PENDAHULUAN
Cacing nipah (Namalycastis rhodochorde) telah dimanfaatkan oleh masyarakat Kota Pontianak sebagai umpan untuk memancing ikan dan udang. Cacing ini dijual di pasar-pasar tradisional dengan harga relatif tinggi. Harga satu ekor cacing nipah hidup Rp 6.000-25.000 per ekor dengan berat antara 5-50 g. Karakteristik cacing nipah yang khas adalah warnanya merah muda dan panjang tubuh saat meregang dapat mencapai 250 cm (Junardi 2008). Cacing ini termasuk spesies yang baru diketahui (new species) dalam kelas polychaeta (Glasby et al. 2007).
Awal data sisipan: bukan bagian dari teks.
lemma nn_integral_norm_powr_far:
  fixes x :: "'a::euclidean_space" and b :: real
  defines "n \<equiv> DIM('a)"
  assumes \<rho>: "0 < \<rho>" and b: "n < b"
  shows "(\<integral>\<^sup>+z. ennreal (far_kernel b \<rho> (x - z)) \<partial>lborel) \<le> ennreal (far_kernel_const n b * \<rho> powr (n - b))"
proof -
  define a where "a k = (\<rho> * 2 ^ k) powr (-b)" for k :: nat
  define r where "r k = \<rho> * (2 ^ k * 2)" for k :: nat
  have shell: "\<exists>k. ennreal (far_kernel b \<rho> (x - z)) \<le> ennreal (a k) * indicator (cball x (r k)) z" for z
  proof (cases "\<rho> \<le> norm (x - z)")
    case True
    then obtain k where k: "2 ^ k \<le> norm (x - z) / \<rho>" "norm (x - z) / \<rho> < 2 ^ (k + 1)"
      using \<rho> ex_dyadic_bracket[of "norm (x - z) / \<rho>"] by auto
    have "norm (x - z) powr (-b) \<le> a k"
      unfolding a_def using k(1) \<rho> b by (intro powr_mono2') (auto simp: field_simps)
    moreover have "z \<in> cball x (r k)"
      unfolding r_def using k(2) \<rho> by (simp add: dist_norm field_simps)
    ultimately show ?thesis using True by (intro exI[of _ k]) (simp add: ennreal_leI far_kernel_def near_kernel_def)
  next
    case False
    then show ?thesis by (intro exI[of _ 0]) (auto simp: far_kernel_def near_kernel_def)
  qed
  have shell_integral: "a k * (unit_ball_vol n * r k ^ n)
      = 2 ^ n * unit_ball_vol n * \<rho> powr (n - b) * (2 powr (n - b)) ^ k" for k
  proof -
    define P :: real where "P = 2 ^ k"
    have P: "0 < P" by (simp add: P_def)
    have "(\<rho> * P) powr (-b) = \<rho> powr (-b) * P powr (-b)"
      using \<rho> P by (simp add: powr_mult)
    moreover have "(\<rho> * (P * 2)) ^ n = 2 ^ n * (\<rho> powr n * P powr n)"
      using \<rho> P by (simp add: powr_realpow power_mult_distrib)
    moreover have "\<rho> powr (n - b) = \<rho> powr (-b) * \<rho> powr n" "P powr (n - b) = P powr (-b) * P powr n"
      by (simp_all add: powr_add[symmetric])
    ultimately show ?thesis
      unfolding a_def r_def powr_realpow_swap[of 2, simplified] P_def[symmetric] by (simp only: mult_ac)
  qed
  have q: "0 \<le> 2 powr (n - b)" "2 powr (n - b) < (1::real)"
    using b by (auto intro: powr_less_one)
  have "(\<integral>\<^sup>+z. ennreal (far_kernel b \<rho> (x - z)) \<partial>lborel) \<le> (\<Sum>k. ennreal (a k * (unit_ball_vol n * r k ^ n)))"
    unfolding n_def by (rule nn_integral_le_suminf_cball[OF shell]) (use \<rho> in \<open>simp_all add: a_def r_def\<close>)
  also have "\<dots> = (\<Sum>k. ennreal (2 ^ n * unit_ball_vol n * \<rho> powr (n - b) * (2 powr (n - b)) ^ k))"
    by (simp only: shell_integral)
  also have "\<dots> = ennreal (far_kernel_const n b * \<rho> powr (n - b))"
    using q by (subst suminf_ennreal_geometric) (simp_all add: far_kernel_const_def)
  finally show ?thesis .
qed

lemma nn_integral_norm_powr_near:
  fixes x :: "'a::euclidean_space" and b :: real
  defines "n \<equiv> DIM('a)"
  assumes \<rho>: "0 < \<rho>" and b: "0 < b" "b < n"
  shows "(\<integral>\<^sup>+z. ennreal (near_kernel b \<rho> (x - z)) \<partial>lborel) \<le> ennreal (near_kernel_const n b * \<rho> powr (n - b))"
proof -
  define a where "a k = (\<rho> / (2 ^ k * 2)) powr (-b)" for k :: nat
  define r where "r k = \<rho> / 2 ^ k" for k :: nat
  have shell: "\<exists>k. ennreal (near_kernel b \<rho> (x - z)) \<le> ennreal (a k) * indicator (cball x (r k)) z" for z
  proof (cases "0 < norm (x - z) \<and> norm (x - z) < \<rho>")
    case True
    then obtain k where k: "2 ^ k \<le> \<rho> / norm (x - z)" "\<rho> / norm (x - z) < 2 ^ (k + 1)"
      using ex_dyadic_bracket[of "\<rho> / norm (x - z)"] by auto
    have "norm (x - z) powr (-b) \<le> a k"
      unfolding a_def using k(2) True \<rho> b by (intro powr_mono2') (auto simp: field_simps)
    moreover have "z \<in> cball x (r k)"
      unfolding r_def using k(1) True by (simp add: dist_norm field_simps)
    ultimately show ?thesis using True by (intro exI[of _ k]) (simp add: ennreal_leI far_kernel_def near_kernel_def)
  next
    case False
    then show ?thesis by (intro exI[of _ 0]) (auto simp: far_kernel_def near_kernel_def)
  qed
  have shell_integral: "a k * (unit_ball_vol n * r k ^ n)
      = 2 powr b * unit_ball_vol n * \<rho> powr (n - b) * (2 powr (b - n)) ^ k" for k
  proof -
    define P :: real where "P = 2 ^ k"
    have P: "0 < P" by (simp add: P_def)
    have "(\<rho> / (P * 2)) powr (-b) = \<rho> powr (-b) / (P * 2) powr (-b)"
      using \<rho> P by (simp add: powr_divide)
    also have "\<dots> = \<rho> powr (-b) * (P powr b * 2 powr b)"
      using \<rho> P by (simp add: powr_mult powr_minus field_simps)
    finally have "(\<rho> / (P * 2)) powr (-b) = \<rho> powr (-b) * (P powr b * 2 powr b)" .
    moreover have "(\<rho> / P) ^ n = \<rho> powr n * P powr (- n)"
      using \<rho> P by (simp add: powr_realpow[symmetric] powr_divide powr_minus field_simps)
    moreover have "\<rho> powr (n - b) = \<rho> powr (-b) * \<rho> powr n" "P powr (b - n) = P powr b * P powr (-n)"
      by (simp_all add: powr_add[symmetric])
    ultimately show ?thesis
      unfolding a_def r_def powr_realpow_swap[of 2, simplified] P_def[symmetric] by (simp only: mult_ac)
  qed
  have q: "0 \<le> 2 powr (b - n)" "2 powr (b - n) < (1::real)"
    using b by (auto intro: powr_less_one)
  have "(\<integral>\<^sup>+z. ennreal (near_kernel b \<rho> (x - z)) \<partial>lborel) \<le> (\<Sum>k. ennreal (a k * (unit_ball_vol n * r k ^ n)))"
    unfolding n_def by (rule nn_integral_le_suminf_cball[OF shell]) (use \<rho> in \<open>simp_all add: a_def r_def\<close>)
  also have "\<dots> = (\<Sum>k. ennreal (2 powr b * unit_ball_vol n * \<rho> powr (n - b) * (2 powr (b - n)) ^ k))"
    by (simp only: shell_integral)
  also have "\<dots> = ennreal (near_kernel_const n b * \<rho> powr (n - b))"
    using q by (subst suminf_ennreal_geometric) (simp_all add: near_kernel_const_def)
  finally show ?thesis .
qed

section \<open>Smooth compactly supported cutoffs\<close>

lemma smooth_differentiable_on: "smooth \<eta> \<Longrightarrow> \<eta> differentiable_on UNIV"
  unfolding smooth_def by (drule spec[of _ "[]"]) simp

lemma smooth_differentiable: "smooth \<eta> \<Longrightarrow> \<eta> differentiable (at y)"
  using smooth_differentiable_on by (simp add: differentiable_on_def)

lemma smooth_continuous_on: "smooth \<eta> \<Longrightarrow> continuous_on UNIV \<eta>"
  by (rule differentiable_imp_continuous_on[OF smooth_differentiable_on])

lemma smooth_partial_continuous_on: "smooth \<eta> \<Longrightarrow> continuous_on UNIV (partial i \<eta>)"
  unfolding smooth_def by (drule spec[of _ "[i]"]) (simp add: differentiable_imp_continuous_on)

lemma partial_eq_has_derivative:
  assumes D: "(\<eta> has_derivative D) (at y)"
  shows "partial i \<eta> y = D (axis i 1)"
proof -
  have line: "((\<lambda>t::real. y + t *\<^sub>R axis i 1) has_derivative (\<lambda>t. t *\<^sub>R axis i 1)) (at 0)"
    by (auto intro!: derivative_eq_intros)
  have "((\<lambda>t. \<eta> (y + t *\<^sub>R axis i 1)) has_derivative (\<lambda>t. D (t *\<^sub>R axis i 1))) (at 0)"
    using diff_chain_at[OF line, of \<eta> D] D by (simp add: o_def)
  then have "((\<lambda>t. \<eta> (y + t *\<^sub>R axis i 1)) has_field_derivative D (axis i 1)) (at 0)"
    by (rule has_derivative_imp_has_field_derivative)
       (simp add: linear_scale[OF has_derivative_linear[OF D]])
  then show ?thesis unfolding partial_def by (rule DERIV_imp_deriv)
qed

lemma has_derivative_eq_inner_gradient:
  assumes D: "(\<eta> has_derivative D) (at y)"
  shows "D h = (\<chi> i. partial i \<eta> y) \<bullet> h"
proof -
  have lin: "linear D" using D has_derivative_linear by blast
  have "D h = D (\<Sum>i\<in>UNIV. (h$i) *\<^sub>R axis i 1)"
    using basis_expansion[of h] by (simp add: scalar_mult_eq_scaleR)
  also have "\<dots> = (\<Sum>i\<in>UNIV. (h$i) * D (axis i 1))"
    by (simp add: linear_sum[OF lin] linear_scale[OF lin])
  also have "\<dots> = (\<chi> i. partial i \<eta> y) \<bullet> h"
    by (simp add: inner_vec_def partial_eq_has_derivative[OF D] mult.commute)
  finally show ?thesis .
qed

lemma bounded_range_if_compact_support:
  fixes g :: "'a::topological_space \<Rightarrow> 'b::real_normed_vector"
  assumes "continuous_on UNIV g" "compact K" "\<And>x. x \<notin> K \<Longrightarrow> g x = 0"
  shows "bounded (range g)"
proof -
  have "range g \<subseteq> insert 0 (g ` K)" using assms(3) by auto
  moreover have "compact (g ` K)"
    using assms(1,2) by (intro compact_continuous_image) (auto intro: continuous_on_subset)
  then have "bounded (insert 0 (g ` K))" by (simp add: compact_imp_bounded)
  ultimately show ?thesis by (rule bounded_subset[rotated])
qed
Cacing nipah diambil langsung oleh petani pengumpul dengan cara menggali dari habitatnya di kawasan hutan nipah yang mendominasi komunitas mangrove muara Sungai Kakap. Pengambilan cacing nipah sangat intensif, seiring dengan tingginya konversi hutan mangrove. Hutan mangrove Sungai Kakap saat ini sebagian mulai dialihfungsikan untuk berbagai kepentingan antara lain pemukiman, ladang penduduk, dan industri. Hal ini dikhawatirkan akan menyebabkan menurunnya populasi cacing nipah, sementara itu pontensi lain cacing ini belum diketahui. Budidaya adalah upaya yang tepat untuk mencegah pengambilan berlebih cacing nipah di alam. Aspek biologi reproduksi sangat penting sebagai landasan pengetahuan dalam budidaya (Olive 1999).
Keberhasilan budidaya sangat ditentukan oleh teknik produksi massal larva dan cacing muda. Kunci keberhasilan teknik ini sangat ditentukan oleh ketepatan dalam menentukan tahapan pembentukan gamet atau gametogenesis sehingga dapat ditetapkan kapan waktu terbaik untuk melakukan fertilisasi artifisial.